═══ Information given

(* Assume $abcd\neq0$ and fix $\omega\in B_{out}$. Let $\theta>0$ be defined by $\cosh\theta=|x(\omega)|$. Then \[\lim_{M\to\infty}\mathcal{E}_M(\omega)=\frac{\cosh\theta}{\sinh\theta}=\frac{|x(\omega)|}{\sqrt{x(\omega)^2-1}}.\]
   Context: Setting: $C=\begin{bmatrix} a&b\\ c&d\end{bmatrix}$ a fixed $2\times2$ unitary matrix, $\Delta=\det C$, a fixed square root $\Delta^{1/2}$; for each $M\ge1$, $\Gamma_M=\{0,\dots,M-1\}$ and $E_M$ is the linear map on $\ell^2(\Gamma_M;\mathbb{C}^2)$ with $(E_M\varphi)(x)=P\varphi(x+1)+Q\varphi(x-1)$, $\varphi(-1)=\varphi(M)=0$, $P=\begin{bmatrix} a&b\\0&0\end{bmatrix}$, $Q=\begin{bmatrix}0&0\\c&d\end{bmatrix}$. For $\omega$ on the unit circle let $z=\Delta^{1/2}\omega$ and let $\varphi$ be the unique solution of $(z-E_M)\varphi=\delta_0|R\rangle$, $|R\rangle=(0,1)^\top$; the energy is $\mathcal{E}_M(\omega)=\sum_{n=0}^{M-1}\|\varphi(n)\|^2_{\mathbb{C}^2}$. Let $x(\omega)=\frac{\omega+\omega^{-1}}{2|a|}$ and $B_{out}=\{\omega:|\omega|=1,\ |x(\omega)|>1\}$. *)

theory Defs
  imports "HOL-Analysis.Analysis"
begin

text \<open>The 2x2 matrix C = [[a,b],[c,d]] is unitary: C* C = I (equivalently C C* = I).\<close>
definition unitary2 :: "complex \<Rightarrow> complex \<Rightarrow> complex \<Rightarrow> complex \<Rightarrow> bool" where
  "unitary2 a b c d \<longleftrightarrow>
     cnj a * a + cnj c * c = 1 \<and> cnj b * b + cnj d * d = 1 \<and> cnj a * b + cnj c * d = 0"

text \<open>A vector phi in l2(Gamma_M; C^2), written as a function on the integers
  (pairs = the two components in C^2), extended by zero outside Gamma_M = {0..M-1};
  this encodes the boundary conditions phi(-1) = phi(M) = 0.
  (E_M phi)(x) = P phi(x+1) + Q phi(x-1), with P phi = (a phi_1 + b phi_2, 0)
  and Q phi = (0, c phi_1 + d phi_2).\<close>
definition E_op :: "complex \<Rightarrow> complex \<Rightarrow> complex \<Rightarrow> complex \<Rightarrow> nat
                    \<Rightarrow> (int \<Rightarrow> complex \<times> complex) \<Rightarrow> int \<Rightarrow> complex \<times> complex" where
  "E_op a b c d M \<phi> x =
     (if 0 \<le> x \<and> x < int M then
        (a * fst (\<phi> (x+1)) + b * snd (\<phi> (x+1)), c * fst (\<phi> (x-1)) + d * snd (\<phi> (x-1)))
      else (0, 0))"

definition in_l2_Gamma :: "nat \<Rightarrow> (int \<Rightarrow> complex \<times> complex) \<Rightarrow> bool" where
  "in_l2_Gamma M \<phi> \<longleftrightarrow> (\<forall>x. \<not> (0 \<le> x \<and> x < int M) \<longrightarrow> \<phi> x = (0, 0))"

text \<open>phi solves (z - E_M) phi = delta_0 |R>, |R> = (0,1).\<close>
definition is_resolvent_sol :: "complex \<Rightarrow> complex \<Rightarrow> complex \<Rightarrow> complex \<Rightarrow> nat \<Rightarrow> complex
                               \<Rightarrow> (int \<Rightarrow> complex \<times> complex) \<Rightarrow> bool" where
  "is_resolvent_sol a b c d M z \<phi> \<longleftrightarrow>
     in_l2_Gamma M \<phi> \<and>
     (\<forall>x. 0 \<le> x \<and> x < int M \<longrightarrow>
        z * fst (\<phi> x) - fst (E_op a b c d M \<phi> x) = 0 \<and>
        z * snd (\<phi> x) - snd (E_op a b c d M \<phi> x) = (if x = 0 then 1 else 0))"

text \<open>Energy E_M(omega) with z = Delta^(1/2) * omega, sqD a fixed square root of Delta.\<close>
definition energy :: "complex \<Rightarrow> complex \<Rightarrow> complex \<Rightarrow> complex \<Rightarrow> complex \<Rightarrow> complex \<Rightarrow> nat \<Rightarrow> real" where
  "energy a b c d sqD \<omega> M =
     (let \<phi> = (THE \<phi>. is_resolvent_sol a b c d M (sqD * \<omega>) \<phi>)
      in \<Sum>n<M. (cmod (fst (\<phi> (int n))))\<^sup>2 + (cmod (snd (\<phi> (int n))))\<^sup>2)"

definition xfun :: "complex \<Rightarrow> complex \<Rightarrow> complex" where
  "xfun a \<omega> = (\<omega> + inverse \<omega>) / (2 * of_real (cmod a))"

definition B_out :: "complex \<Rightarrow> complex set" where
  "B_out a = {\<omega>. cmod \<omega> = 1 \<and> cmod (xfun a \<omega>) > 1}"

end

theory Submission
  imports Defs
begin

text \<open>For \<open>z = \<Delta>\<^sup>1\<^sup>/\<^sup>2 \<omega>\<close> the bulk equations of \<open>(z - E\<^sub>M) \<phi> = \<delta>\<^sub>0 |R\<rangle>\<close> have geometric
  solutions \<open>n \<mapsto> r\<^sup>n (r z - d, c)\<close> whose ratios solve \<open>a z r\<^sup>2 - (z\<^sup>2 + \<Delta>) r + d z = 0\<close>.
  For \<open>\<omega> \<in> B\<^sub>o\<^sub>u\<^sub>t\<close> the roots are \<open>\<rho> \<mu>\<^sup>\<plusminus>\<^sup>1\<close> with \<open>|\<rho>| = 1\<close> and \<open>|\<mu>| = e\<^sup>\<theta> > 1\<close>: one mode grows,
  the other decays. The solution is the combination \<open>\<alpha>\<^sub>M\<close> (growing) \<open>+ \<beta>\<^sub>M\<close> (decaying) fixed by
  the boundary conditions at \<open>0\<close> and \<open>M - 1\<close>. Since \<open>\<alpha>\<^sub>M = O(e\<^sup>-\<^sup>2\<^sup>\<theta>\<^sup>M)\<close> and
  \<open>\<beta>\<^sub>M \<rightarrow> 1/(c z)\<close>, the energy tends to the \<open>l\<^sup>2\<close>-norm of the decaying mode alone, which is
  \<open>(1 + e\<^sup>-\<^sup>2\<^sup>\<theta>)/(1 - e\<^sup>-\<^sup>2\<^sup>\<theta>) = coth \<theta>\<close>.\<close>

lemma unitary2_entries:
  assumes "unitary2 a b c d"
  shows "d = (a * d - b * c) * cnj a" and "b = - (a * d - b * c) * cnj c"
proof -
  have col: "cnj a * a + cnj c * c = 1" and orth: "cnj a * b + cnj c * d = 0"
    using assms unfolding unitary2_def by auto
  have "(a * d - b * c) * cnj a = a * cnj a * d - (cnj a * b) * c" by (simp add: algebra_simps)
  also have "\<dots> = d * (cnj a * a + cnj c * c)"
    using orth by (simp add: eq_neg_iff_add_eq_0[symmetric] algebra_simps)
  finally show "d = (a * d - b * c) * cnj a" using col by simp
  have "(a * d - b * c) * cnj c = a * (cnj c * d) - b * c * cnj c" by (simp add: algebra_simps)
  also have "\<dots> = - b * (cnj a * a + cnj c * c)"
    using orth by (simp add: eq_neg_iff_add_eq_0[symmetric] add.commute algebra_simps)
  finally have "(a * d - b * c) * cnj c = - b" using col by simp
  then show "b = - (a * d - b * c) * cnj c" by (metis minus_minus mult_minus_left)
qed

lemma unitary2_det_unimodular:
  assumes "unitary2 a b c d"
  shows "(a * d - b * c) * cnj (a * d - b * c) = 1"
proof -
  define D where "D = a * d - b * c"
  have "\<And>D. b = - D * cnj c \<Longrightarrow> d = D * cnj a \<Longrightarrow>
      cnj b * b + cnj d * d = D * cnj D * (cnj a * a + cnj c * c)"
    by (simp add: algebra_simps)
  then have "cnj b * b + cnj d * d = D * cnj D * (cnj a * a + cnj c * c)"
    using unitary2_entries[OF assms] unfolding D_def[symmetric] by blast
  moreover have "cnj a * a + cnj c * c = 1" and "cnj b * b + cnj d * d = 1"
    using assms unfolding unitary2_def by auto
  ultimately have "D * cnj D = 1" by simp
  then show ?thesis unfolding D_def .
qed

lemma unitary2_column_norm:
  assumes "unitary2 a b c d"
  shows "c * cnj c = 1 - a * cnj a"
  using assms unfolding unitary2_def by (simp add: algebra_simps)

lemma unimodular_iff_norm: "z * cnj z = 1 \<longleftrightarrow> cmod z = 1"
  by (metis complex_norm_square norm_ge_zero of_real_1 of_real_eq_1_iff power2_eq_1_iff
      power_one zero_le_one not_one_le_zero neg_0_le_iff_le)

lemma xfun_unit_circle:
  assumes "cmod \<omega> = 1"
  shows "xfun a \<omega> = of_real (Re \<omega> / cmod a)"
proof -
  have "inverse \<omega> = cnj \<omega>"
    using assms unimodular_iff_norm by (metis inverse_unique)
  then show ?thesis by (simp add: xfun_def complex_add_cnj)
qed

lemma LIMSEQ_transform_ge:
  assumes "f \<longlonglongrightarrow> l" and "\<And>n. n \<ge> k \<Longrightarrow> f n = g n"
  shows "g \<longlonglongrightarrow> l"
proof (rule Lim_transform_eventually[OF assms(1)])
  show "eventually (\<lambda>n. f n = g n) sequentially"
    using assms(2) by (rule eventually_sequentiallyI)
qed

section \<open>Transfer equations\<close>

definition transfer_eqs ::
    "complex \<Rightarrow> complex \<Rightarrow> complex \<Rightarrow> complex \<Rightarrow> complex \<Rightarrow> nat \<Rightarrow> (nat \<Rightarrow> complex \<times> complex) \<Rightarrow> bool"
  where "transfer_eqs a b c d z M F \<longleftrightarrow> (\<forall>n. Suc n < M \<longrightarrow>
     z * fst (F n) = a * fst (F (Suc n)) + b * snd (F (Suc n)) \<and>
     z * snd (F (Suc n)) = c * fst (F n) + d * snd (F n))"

══════
═══ Information given

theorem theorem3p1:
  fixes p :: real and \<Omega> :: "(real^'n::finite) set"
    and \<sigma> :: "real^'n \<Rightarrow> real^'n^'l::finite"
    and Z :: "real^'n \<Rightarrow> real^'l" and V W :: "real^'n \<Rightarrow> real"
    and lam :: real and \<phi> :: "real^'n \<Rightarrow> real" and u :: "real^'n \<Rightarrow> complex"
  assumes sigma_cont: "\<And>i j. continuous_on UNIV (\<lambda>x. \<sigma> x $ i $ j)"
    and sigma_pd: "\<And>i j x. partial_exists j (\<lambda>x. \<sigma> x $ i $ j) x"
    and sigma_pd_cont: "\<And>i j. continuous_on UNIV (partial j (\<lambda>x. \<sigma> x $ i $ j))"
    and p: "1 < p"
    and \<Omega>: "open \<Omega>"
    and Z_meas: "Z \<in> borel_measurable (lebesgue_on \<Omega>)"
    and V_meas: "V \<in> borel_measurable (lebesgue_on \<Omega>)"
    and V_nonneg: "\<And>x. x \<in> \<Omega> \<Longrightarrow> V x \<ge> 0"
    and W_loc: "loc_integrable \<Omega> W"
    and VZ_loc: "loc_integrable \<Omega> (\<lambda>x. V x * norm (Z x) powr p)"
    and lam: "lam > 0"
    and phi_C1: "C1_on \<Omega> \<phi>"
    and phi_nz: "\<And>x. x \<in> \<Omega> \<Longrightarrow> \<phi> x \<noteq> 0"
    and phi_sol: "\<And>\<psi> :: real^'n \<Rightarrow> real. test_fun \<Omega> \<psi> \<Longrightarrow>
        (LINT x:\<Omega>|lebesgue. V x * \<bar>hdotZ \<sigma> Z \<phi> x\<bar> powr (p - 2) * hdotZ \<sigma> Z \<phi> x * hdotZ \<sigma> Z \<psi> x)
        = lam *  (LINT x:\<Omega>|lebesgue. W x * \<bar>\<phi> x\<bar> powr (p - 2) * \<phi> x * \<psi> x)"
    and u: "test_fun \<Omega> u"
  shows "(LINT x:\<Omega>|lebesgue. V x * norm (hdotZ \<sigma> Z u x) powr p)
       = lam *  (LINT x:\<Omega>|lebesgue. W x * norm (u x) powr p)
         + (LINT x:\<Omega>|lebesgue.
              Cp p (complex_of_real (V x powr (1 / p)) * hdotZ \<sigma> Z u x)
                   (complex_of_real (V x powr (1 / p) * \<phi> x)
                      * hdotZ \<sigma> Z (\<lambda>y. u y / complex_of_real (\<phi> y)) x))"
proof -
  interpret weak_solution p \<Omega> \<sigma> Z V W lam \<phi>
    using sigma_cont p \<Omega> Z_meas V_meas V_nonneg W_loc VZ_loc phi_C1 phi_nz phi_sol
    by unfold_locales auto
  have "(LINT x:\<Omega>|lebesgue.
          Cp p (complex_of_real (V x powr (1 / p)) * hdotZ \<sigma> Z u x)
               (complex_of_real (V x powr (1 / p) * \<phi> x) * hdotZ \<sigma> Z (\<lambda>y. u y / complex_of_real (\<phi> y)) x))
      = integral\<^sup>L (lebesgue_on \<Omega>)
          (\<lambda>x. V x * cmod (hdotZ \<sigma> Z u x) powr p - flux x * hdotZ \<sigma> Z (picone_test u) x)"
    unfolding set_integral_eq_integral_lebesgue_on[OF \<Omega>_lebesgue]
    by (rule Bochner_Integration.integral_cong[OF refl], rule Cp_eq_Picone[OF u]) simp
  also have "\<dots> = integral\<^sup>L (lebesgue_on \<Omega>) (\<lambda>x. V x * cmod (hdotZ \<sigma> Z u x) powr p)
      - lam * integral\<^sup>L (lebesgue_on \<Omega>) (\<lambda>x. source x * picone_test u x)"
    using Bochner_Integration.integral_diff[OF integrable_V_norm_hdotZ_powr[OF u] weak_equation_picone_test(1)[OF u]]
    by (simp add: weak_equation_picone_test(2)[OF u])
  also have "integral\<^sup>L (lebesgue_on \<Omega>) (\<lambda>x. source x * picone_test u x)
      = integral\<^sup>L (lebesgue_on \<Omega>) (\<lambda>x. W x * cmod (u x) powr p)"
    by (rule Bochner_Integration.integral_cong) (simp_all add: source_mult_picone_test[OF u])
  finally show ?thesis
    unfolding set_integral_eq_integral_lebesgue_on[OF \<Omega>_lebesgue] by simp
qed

══════

Task to complete:
Give back the records above exactly, limited to the lines between the one holding "1 \<and> cmod" and the one holding "For \<open>\<omega> \<in>", inclusive.

Exercise response:
  "B_out a = {\<omega>. cmod \<omega> = 1 \<and> cmod (xfun a \<omega>) > 1}"

end

theory Submission
  imports Defs
begin

text \<open>For \<open>z = \<Delta>\<^sup>1\<^sup>/\<^sup>2 \<omega>\<close> the bulk equations of \<open>(z - E\<^sub>M) \<phi> = \<delta>\<^sub>0 |R\<rangle>\<close> have geometric
  solutions \<open>n \<mapsto> r\<^sup>n (r z - d, c)\<close> whose ratios solve \<open>a z r\<^sup>2 - (z\<^sup>2 + \<Delta>) r + d z = 0\<close>.
  For \<open>\<omega> \<in> B\<^sub>o\<^sub>u\<^sub>t\<close> the roots are \<open>\<rho> \<mu>\<^sup>\<plusminus>\<^sup>1\<close> with \<open>|\<rho>| = 1\<close> and \<open>|\<mu>| = e\<^sup>\<theta> > 1\<close>: one mode grows,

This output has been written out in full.